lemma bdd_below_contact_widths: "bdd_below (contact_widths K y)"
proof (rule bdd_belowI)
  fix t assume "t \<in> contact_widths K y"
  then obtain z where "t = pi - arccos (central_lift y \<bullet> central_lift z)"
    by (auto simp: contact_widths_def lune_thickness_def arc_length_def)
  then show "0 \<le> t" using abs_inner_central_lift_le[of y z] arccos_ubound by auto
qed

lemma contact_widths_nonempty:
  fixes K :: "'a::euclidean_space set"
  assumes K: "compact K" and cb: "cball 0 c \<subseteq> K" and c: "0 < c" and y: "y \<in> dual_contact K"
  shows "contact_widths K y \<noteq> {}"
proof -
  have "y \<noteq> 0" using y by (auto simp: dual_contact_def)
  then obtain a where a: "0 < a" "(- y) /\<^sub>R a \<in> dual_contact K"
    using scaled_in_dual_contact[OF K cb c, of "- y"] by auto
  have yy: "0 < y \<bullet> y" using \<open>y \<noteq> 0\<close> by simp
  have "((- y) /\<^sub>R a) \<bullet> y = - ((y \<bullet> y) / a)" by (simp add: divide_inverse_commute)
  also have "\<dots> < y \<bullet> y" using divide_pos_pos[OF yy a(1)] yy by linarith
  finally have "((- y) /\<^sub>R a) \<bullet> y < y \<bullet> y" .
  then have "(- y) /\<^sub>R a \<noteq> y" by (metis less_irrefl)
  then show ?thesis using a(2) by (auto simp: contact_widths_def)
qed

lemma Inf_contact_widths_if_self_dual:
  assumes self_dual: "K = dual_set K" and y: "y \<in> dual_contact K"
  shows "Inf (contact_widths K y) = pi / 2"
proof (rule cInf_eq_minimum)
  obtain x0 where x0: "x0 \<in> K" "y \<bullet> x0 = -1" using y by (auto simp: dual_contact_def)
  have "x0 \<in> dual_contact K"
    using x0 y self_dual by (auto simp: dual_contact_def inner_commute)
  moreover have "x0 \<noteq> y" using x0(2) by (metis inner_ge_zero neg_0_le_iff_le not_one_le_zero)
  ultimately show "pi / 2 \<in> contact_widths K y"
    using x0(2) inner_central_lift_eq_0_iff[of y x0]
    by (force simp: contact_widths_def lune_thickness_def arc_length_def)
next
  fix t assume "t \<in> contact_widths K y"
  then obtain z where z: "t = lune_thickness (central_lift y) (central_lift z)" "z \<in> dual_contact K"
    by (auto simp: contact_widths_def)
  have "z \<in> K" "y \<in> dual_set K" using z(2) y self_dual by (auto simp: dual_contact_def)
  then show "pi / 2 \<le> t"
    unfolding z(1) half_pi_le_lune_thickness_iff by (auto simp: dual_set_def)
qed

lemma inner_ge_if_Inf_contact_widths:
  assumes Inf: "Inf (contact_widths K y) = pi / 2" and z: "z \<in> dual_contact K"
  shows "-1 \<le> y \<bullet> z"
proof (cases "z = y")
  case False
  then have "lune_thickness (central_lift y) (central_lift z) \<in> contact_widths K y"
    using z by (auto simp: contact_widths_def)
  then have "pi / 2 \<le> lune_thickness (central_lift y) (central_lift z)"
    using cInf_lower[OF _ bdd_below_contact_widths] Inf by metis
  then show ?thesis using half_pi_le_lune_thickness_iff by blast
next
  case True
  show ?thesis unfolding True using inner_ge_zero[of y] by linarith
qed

= EXERCISE OBJECTIVE =
Within the material above, transcribe exactly the lines that run from the line holding "0 c \<subseteq>" through the line holding "then obtain a".

= ANSWER SECTION =
  assumes K: "compact K" and cb: "cball 0 c \<subseteq> K" and c: "0 < c" and y: "y \<in> dual_contact K"
  shows "contact_widths K y \<noteq> {}"
proof -
  have "y \<noteq> 0" using y by (auto simp: dual_contact_def)
  then obtain a where a: "0 < a" "(- y) /\<^sub>R a \<in> dual_contact K"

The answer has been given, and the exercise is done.